### [What to do]
Scan the listing for the word "shows", and copy out each line where it is found.

### [Recorded data]
[Start of section]

(* Let $(\mathcal G,p)$ be a $1$-closed CPS on the finite set $\Omega$ with $\mathcal G$ closed under unions and nonempty intersections and covering $\Omega$. Then $(\mathcal G,p)$ satisfies certainty reflection if and only if for every state $\omega'$ and every state $\omega$ such that $m(\omega')\subsetneq m(\omega)$, we have $p_{m(\omega)}(m(\omega'))=1$.
   Context: $\Omega$ is a finite set; every subset is an event. A CPS is a pair $(\mathcal G,p)$ where $\mathcal G$ is a family of nonempty subsets of $\Omega$ and $p$ assigns to each $G\in\mathcal G$ a probability measure $p_G$ on $\Omega$ with $p_G(G)=1$ and $p_G(E)=p_G(F)p_F(E)$ whenever $E\subseteq F\subseteq G$, $F,G\in\mathcal G$. Atom: $m(\omega)=\bigcap\{G\in\mathcal G:\omega\in G\}$. $(\mathcal G,p)$ is $1$-closed if every $L\subseteq G$ with $G\in\mathcal G$ and $p_G(L)=1$ belongs to $\mathcal G$. Certainty reflection: for every event $E$, every $q\in[0,1]$ and every $\omega$, $p_{m(\omega)}(E)=q$ implies $p_{m(\omega)}(\{\omega'\in\Omega:p_{m(\omega')}(E)=q\})=1$. *)

theory Defs
  imports Complex_Main
begin

definition prob_measure_on :: "'a set \<Rightarrow> ('a set \<Rightarrow> real) \<Rightarrow> bool" where
  "prob_measure_on Omega mu \<longleftrightarrow>
     (\<forall>E. E \<subseteq> Omega \<longrightarrow> 0 \<le> mu E) \<and> mu Omega = 1 \<and>
     (\<forall>E F. E \<subseteq> Omega \<longrightarrow> F \<subseteq> Omega \<longrightarrow> E \<inter> F = {} \<longrightarrow> mu (E \<union> F) = mu E + mu F)"

definition CPS :: "'a set \<Rightarrow> 'a set set \<Rightarrow> ('a set \<Rightarrow> 'a set \<Rightarrow> real) \<Rightarrow> bool" where
  "CPS Omega \<G> p \<longleftrightarrow>
     (\<forall>G\<in>\<G>. G \<noteq> {} \<and> G \<subseteq> Omega) \<and>
     (\<forall>G\<in>\<G>. prob_measure_on Omega (p G) \<and> p G G = 1) \<and>
     (\<forall>E F G. E \<subseteq> F \<longrightarrow> F \<subseteq> G \<longrightarrow> F \<in> \<G> \<longrightarrow> G \<in> \<G> \<longrightarrow> p G E = p G F * p F E)"

definition atom :: "'a set set \<Rightarrow> 'a \<Rightarrow> 'a set" where
  "atom \<G> \<omega> = \<Inter>{G \<in> \<G>. \<omega> \<in> G}"

definition one_closed :: "'a set set \<Rightarrow> ('a set \<Rightarrow> 'a set \<Rightarrow> real) \<Rightarrow> bool" where
  "one_closed \<G> p \<longleftrightarrow> (\<forall>G\<in>\<G>. \<forall>L. L \<subseteq> G \<longrightarrow> p G L = 1 \<longrightarrow> L \<in> \<G>)"

definition certainty_reflection :: "'a set \<Rightarrow> 'a set set \<Rightarrow> ('a set \<Rightarrow> 'a set \<Rightarrow> real) \<Rightarrow> bool" where
  "certainty_reflection Omega \<G> p \<longleftrightarrow>
     (\<forall>E q \<omega>. E \<subseteq> Omega \<longrightarrow> \<omega> \<in> Omega \<longrightarrow> p (atom \<G> \<omega>) E = q \<longrightarrow>
        p (atom \<G> \<omega>) {\<omega>' \<in> Omega. p (atom \<G> \<omega>') E = q} = 1)"

end

theory Submission
  imports Defs
begin

text \<open>
  Both conditions are equivalent to the conditional probabilities being constant on atoms:
  \<open>p\<^bsub>m(\<omega>')\<^esub> = p\<^bsub>m(\<omega>)\<^esub>\<close> whenever \<open>\<omega>' \<in> m(\<omega>)\<close>.
  If every smaller atom \<open>m(\<omega>')\<close> has \<open>p\<^bsub>m(\<omega>)\<^esub>\<close>-probability 1, constancy follows from
  the chain rule; and constancy gives certainty reflection, since the event
  \<open>{\<omega>'. p\<^bsub>m(\<omega>')\<^esub>(E) = q}\<close> then contains \<open>m(\<omega>)\<close>.
  Conversely, under certainty reflection that event has \<open>p\<^bsub>m(\<omega>)\<^esub>\<close>-probability 1, so by
  1-closedness its intersection with \<open>m(\<omega>)\<close> belongs to \<open>\<G>\<close>; as it contains \<open>\<omega>\<close>,
  it contains the whole atom \<open>m(\<omega>)\<close>.
  Finiteness and closure under nonempty intersections only serve to make every atom a
  member of \<open>\<G>\<close>.
\<close>

lemma prob_measure_on_nonneg: "prob_measure_on Omega mu \<Longrightarrow> E \<subseteq> Omega \<Longrightarrow> 0 \<le> mu E"
  unfolding prob_measure_on_def by blast

lemma prob_measure_on_total: "prob_measure_on Omega mu \<Longrightarrow> mu Omega = 1"
  unfolding prob_measure_on_def by blast

lemma prob_measure_on_additive:
  "prob_measure_on Omega mu \<Longrightarrow> E \<subseteq> Omega \<Longrightarrow> F \<subseteq> Omega \<Longrightarrow> E \<inter> F = {} \<Longrightarrow>
    mu (E \<union> F) = mu E + mu F"
  unfolding prob_measure_on_def by blast

lemma prob_measure_on_diff:
  assumes "prob_measure_on Omega mu" "A \<subseteq> B" "B \<subseteq> Omega"
  shows "mu (B - A) = mu B - mu A"
proof -
  have "mu (A \<union> (B - A)) = mu A + mu (B - A)"
    using assms by (intro prob_measure_on_additive[OF assms(1)]) auto
  moreover have "A \<union> (B - A) = B" using assms(2) by blast
  ultimately show ?thesis by simp
qed

lemma prob_measure_on_mono:
  assumes "prob_measure_on Omega mu" "A \<subseteq> B" "B \<subseteq> Omega"
  shows "mu A \<le> mu B"
  using prob_measure_on_diff[OF assms] prob_measure_on_nonneg[OF assms(1), of "B - A"] assms(3)
  by auto

lemma prob_measure_on_certain_mono:
  assumes "prob_measure_on Omega mu" "mu A = 1" "A \<subseteq> B" "B \<subseteq> Omega"
  shows "mu B = 1"
  using prob_measure_on_mono[OF assms(1,3,4)] prob_measure_on_mono[OF assms(1,4) order_refl]
    prob_measure_on_total[OF assms(1)] assms(2)
  by simp

lemma prob_measure_on_Int_certain:
  assumes "prob_measure_on Omega mu" "mu F = 1" "F \<subseteq> Omega" "E \<subseteq> Omega"
  shows "mu (E \<inter> F) = mu E"
proof -
  have "mu (E - F) \<le> mu (Omega - F)"
    using assms(4) by (intro prob_measure_on_mono[OF assms(1)]) auto
  also have "\<dots> = 0"
    using prob_measure_on_diff[OF assms(1,3) order_refl] prob_measure_on_total[OF assms(1)] assms(2)
    by simp
  finally have "mu (E - F) \<le> 0" .
  moreover have "mu (E - F) = mu E - mu (E \<inter> F)"
    using prob_measure_on_diff[OF assms(1), of "E \<inter> F" E] assms(4) by (simp add: Diff_Int)
  moreover have "0 \<le> mu (E - F)" using prob_measure_on_nonneg[OF assms(1)] assms(4) by blast
  ultimately show ?thesis by simp
qed

lemma atom_self: "\<omega> \<in> atom \<G> \<omega>"
  unfolding atom_def by blast

lemma atom_subset: "G \<in> \<G> \<Longrightarrow> \<omega> \<in> G \<Longrightarrow> atom \<G> \<omega> \<subseteq> G"
  unfolding atom_def by blast

lemma Inter_mem_if_Int_closed:
  assumes "\<And>G H. G \<in> \<G> \<Longrightarrow> H \<in> \<G> \<Longrightarrow> G \<inter> H \<noteq> {} \<Longrightarrow> G \<inter> H \<in> \<G>"
    and "finite S" "S \<noteq> {}" "S \<subseteq> \<G>" "\<forall>G\<in>S. \<omega> \<in> G"
  shows "\<Inter>S \<in> \<G>"
  using assms(2-5)
proof (induction S rule: finite_ne_induct)
  case (insert G S)
  then have "G \<inter> \<Inter>S \<noteq> {}" by blast
  then show ?case using insert assms(1)[of G "\<Inter>S"] by simp
qed simp

lemma atom_mem_if_Int_closed:
  assumes "finite \<G>" "\<omega> \<in> \<Union>\<G>"
    and "\<And>G H. G \<in> \<G> \<Longrightarrow> H \<in> \<G> \<Longrightarrow> G \<inter> H \<noteq> {} \<Longrightarrow> G \<inter> H \<in> \<G>"
  shows "atom \<G> \<omega> \<in> \<G>"
  unfolding atom_def
  by (rule Inter_mem_if_Int_closed[OF assms(3), where \<omega> = \<omega>]) (use assms(1,2) in auto)

locale cond_prob_system =
  fixes Omega :: "'a set" and \<G> :: "'a set set" and p :: "'a set \<Rightarrow> 'a set \<Rightarrow> real"
  assumes CPS: "CPS Omega \<G> p"
begin

lemma subset_Omega: "G \<in> \<G> \<Longrightarrow> G \<subseteq> Omega"
  using CPS unfolding CPS_def by simp

lemma prob_measure: "G \<in> \<G> \<Longrightarrow> prob_measure_on Omega (p G)"
  using CPS unfolding CPS_def by simp

lemma prob_self: "G \<in> \<G> \<Longrightarrow> p G G = 1"
  using CPS unfolding CPS_def by simp

lemma chain_rule: "E \<subseteq> F \<Longrightarrow> F \<subseteq> G \<Longrightarrow> F \<in> \<G> \<Longrightarrow> G \<in> \<G> \<Longrightarrow> p G E = p G F * p F E"
  by (rule CPS[unfolded CPS_def, THEN conjunct2, THEN conjunct2, rule_format])

lemma prob_eq_if_certain:
  assumes "F \<in> \<G>" "G \<in> \<G>" "F \<subseteq> G" "p G F = 1" "E \<subseteq> Omega"
  shows "p G E = p F E"
proof -
  have "p G E = p G (E \<inter> F)"
    using prob_measure_on_Int_certain[OF prob_measure[OF assms(2)] assms(4)
        subset_Omega[OF assms(1)] assms(5)] ..
  also have "\<dots> = p F (E \<inter> F)"
    using chain_rule[of "E \<inter> F" F G] assms(1-4) by simp
  also have "\<dots> = p F E"
    using prob_measure_on_Int_certain[OF prob_measure[OF assms(1)] prob_self[OF assms(1)]
        subset_Omega[OF assms(1)] assms(5)] .
  finally show ?thesis .
qed

end

locale atomic_cond_prob_system = cond_prob_system +
  assumes atom_mem: "\<omega> \<in> Omega \<Longrightarrow> atom \<G> \<omega> \<in> \<G>"
begin

definition constant_on_atoms :: bool where
  "constant_on_atoms \<longleftrightarrow>
     (\<forall>\<omega>\<in>Omega. \<forall>\<omega>'\<in>atom \<G> \<omega>. \<forall>E. E \<subseteq> Omega \<longrightarrow> p (atom \<G> \<omega>') E = p (atom \<G> \<omega>) E)"

lemma constant_on_atomsI:
  "(\<And>\<omega> \<omega>' E. \<omega> \<in> Omega \<Longrightarrow> \<omega>' \<in> atom \<G> \<omega> \<Longrightarrow> E \<subseteq> Omega \<Longrightarrow>
      p (atom \<G> \<omega>') E = p (atom \<G> \<omega>) E) \<Longrightarrow> constant_on_atoms"
  unfolding constant_on_atoms_def by blast

lemma constant_on_atomsD:
  "constant_on_atoms \<Longrightarrow> \<omega> \<in> Omega \<Longrightarrow> \<omega>' \<in> atom \<G> \<omega> \<Longrightarrow> E \<subseteq> Omega \<Longrightarrow>
    p (atom \<G> \<omega>') E = p (atom \<G> \<omega>) E"
  unfolding constant_on_atoms_def by blast

lemma atom_subset_Omega: "\<omega> \<in> Omega \<Longrightarrow> atom \<G> \<omega> \<subseteq> Omega"
  using atom_mem subset_Omega by blast

lemma atom_subset_atom: "\<omega> \<in> Omega \<Longrightarrow> \<omega>' \<in> atom \<G> \<omega> \<Longrightarrow> atom \<G> \<omega>' \<subseteq> atom \<G> \<omega>"
  by (rule atom_subset[OF atom_mem])

lemma constant_on_atoms_imp_certainty_reflection:
  assumes "constant_on_atoms"
  shows "certainty_reflection Omega \<G> p"
  unfolding certainty_reflection_def
proof (intro allI impI)
  fix E q \<omega>
  assume E: "E \<subseteq> Omega" and \<omega>: "\<omega> \<in> Omega" and q: "p (atom \<G> \<omega>) E = q"
  let ?L = "{\<omega>' \<in> Omega. p (atom \<G> \<omega>') E = q}"
  have "atom \<G> \<omega> \<subseteq> ?L"
  proof
    fix \<omega>' assume "\<omega>' \<in> atom \<G> \<omega>"
    then show "\<omega>' \<in> ?L"
      using atom_subset_Omega[OF \<omega>] constant_on_atomsD[OF assms \<omega> _ E] q by auto
  qed
  then show "p (atom \<G> \<omega>) ?L = 1"
    using prob_measure_on_certain_mono[OF prob_measure prob_self] atom_mem[OF \<omega>] by blast
qed

lemma certainty_reflection_imp_constant_on_atoms:
  assumes "one_closed \<G> p" "certainty_reflection Omega \<G> p"
  shows "constant_on_atoms"
proof (rule constant_on_atomsI)
  fix \<omega> \<omega>' E
  assume \<omega>: "\<omega> \<in> Omega" and \<omega>': "\<omega>' \<in> atom \<G> \<omega>" and E: "E \<subseteq> Omega"
  define M where "M = atom \<G> \<omega>"
  define L where "L = {\<eta> \<in> Omega. p (atom \<G> \<eta>) E = p M E}"
  have M: "M \<in> \<G>" using atom_mem[OF \<omega>] unfolding M_def .
  have "p M L = 1"
    using assms(2)[unfolded certainty_reflection_def, rule_format, OF E \<omega> refl]
    unfolding L_def M_def .
  moreover have "L \<subseteq> Omega" unfolding L_def by blast
  ultimately have "p M (L \<inter> M) = 1"
    using prob_measure_on_Int_certain[OF prob_measure[OF M] prob_self[OF M] subset_Omega[OF M]]
    by simp
  then have "L \<inter> M \<in> \<G>"
    using assms(1) M unfolding one_closed_def by blast
  moreover have "\<omega> \<in> L \<inter> M" using \<omega> atom_self[of \<omega>] unfolding L_def M_def by simp
  ultimately have "M \<subseteq> L" using atom_subset[of "L \<inter> M" \<G> \<omega>] unfolding M_def by blast
  then show "p (atom \<G> \<omega>') E = p (atom \<G> \<omega>) E"
    using \<omega>' unfolding L_def M_def by blast
qed

lemma constant_on_atoms_iff_smaller_atoms_certain:
  "constant_on_atoms \<longleftrightarrow>
    (\<forall>\<omega>'\<in>Omega. \<forall>\<omega>\<in>Omega. atom \<G> \<omega>' \<subset> atom \<G> \<omega> \<longrightarrow> p (atom \<G> \<omega>) (atom \<G> \<omega>') = 1)"
proof (intro iffI ballI impI)
  fix \<omega>' \<omega>
  assume const: constant_on_atoms
    and \<omega>': "\<omega>' \<in> Omega" and \<omega>: "\<omega> \<in> Omega" and "atom \<G> \<omega>' \<subset> atom \<G> \<omega>"
  then have "\<omega>' \<in> atom \<G> \<omega>" using atom_self[of \<omega>'] by blast
  then have "p (atom \<G> \<omega>') (atom \<G> \<omega>') = p (atom \<G> \<omega>) (atom \<G> \<omega>')"
    using constant_on_atomsD[OF const \<omega> _ atom_subset_Omega[OF \<omega>']] by blast
  then show "p (atom \<G> \<omega>) (atom \<G> \<omega>') = 1"
    using prob_self[OF atom_mem[OF \<omega>']] by simp
next
  assume certain: "\<forall>\<omega>'\<in>Omega. \<forall>\<omega>\<in>Omega. atom \<G> \<omega>' \<subset> atom \<G> \<omega> \<longrightarrow> p (atom \<G> \<omega>) (atom \<G> \<omega>') = 1"
  show constant_on_atoms
  proof (rule constant_on_atomsI)
    fix \<omega> \<omega>' E
    assume \<omega>: "\<omega> \<in> Omega" and \<omega>': "\<omega>' \<in> atom \<G> \<omega>" and E: "E \<subseteq> Omega"
    have \<omega>'_Omega: "\<omega>' \<in> Omega" using \<omega>' atom_subset_Omega[OF \<omega>] by blast
    have sub: "atom \<G> \<omega>' \<subseteq> atom \<G> \<omega>" using atom_subset_atom[OF \<omega> \<omega>'] .
    show "p (atom \<G> \<omega>') E = p (atom \<G> \<omega>) E"
    proof (cases "atom \<G> \<omega>' = atom \<G> \<omega>")
      case False
      then have "p (atom \<G> \<omega>) (atom \<G> \<omega>') = 1" using certain \<omega> \<omega>'_Omega sub by blast
      then show ?thesis
        using prob_eq_if_certain[OF atom_mem[OF \<omega>'_Omega] atom_mem[OF \<omega>] sub _ E] by simp
    qed simp
  qed
qed

end

theorem theorem5:
  fixes Omega :: "'a set" and \<G> :: "'a set set" and p :: "'a set \<Rightarrow> 'a set \<Rightarrow> real"
  assumes "finite Omega"
    and "CPS Omega \<G> p"
    and "one_closed \<G> p"
    and "\<And>G H. G \<in> \<G> \<Longrightarrow> H \<in> \<G> \<Longrightarrow> G \<union> H \<in> \<G>"
    and "\<And>G H. G \<in> \<G> \<Longrightarrow> H \<in> \<G> \<Longrightarrow> G \<inter> H \<noteq> {} \<Longrightarrow> G \<inter> H \<in> \<G>"
    and "\<Union>\<G> = Omega"
  shows "certainty_reflection Omega \<G> p \<longleftrightarrow>
    (\<forall>\<omega>'\<in>Omega. \<forall>\<omega>\<in>Omega. atom \<G> \<omega>' \<subset> atom \<G> \<omega> \<longrightarrow> p (atom \<G> \<omega>) (atom \<G> \<omega>') = 1)"
proof -
  interpret cond_prob_system Omega \<G> p by unfold_locales (rule assms(2))
  have "finite \<G>"
    using finite_subset[of \<G> "Pow Omega"] assms(1) subset_Omega by blast
  then interpret atomic_cond_prob_system Omega \<G> p
    by unfold_locales (simp add: atom_mem_if_Int_closed[OF \<open>finite \<G>\<close> _ assms(5)] assms(6))
  show ?thesis
    using constant_on_atoms_imp_certainty_reflection
      certainty_reflection_imp_constant_on_atoms[OF assms(3)]
      constant_on_atoms_iff_smaller_atoms_certain
    by blast
qed

end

[End of section]

### [Response]
  shows "mu (B - A) = mu B - mu A"
  shows "mu A \<le> mu B"
  shows "mu B = 1"
  shows "mu (E \<inter> F) = mu E"
  shows "\<Inter>S \<in> \<G>"
  shows "atom \<G> \<omega> \<in> \<G>"
  shows "p G E = p F E"
  shows "certainty_reflection Omega \<G> p"
  shows "constant_on_atoms"
  shows "certainty_reflection Omega \<G> p \<longleftrightarrow>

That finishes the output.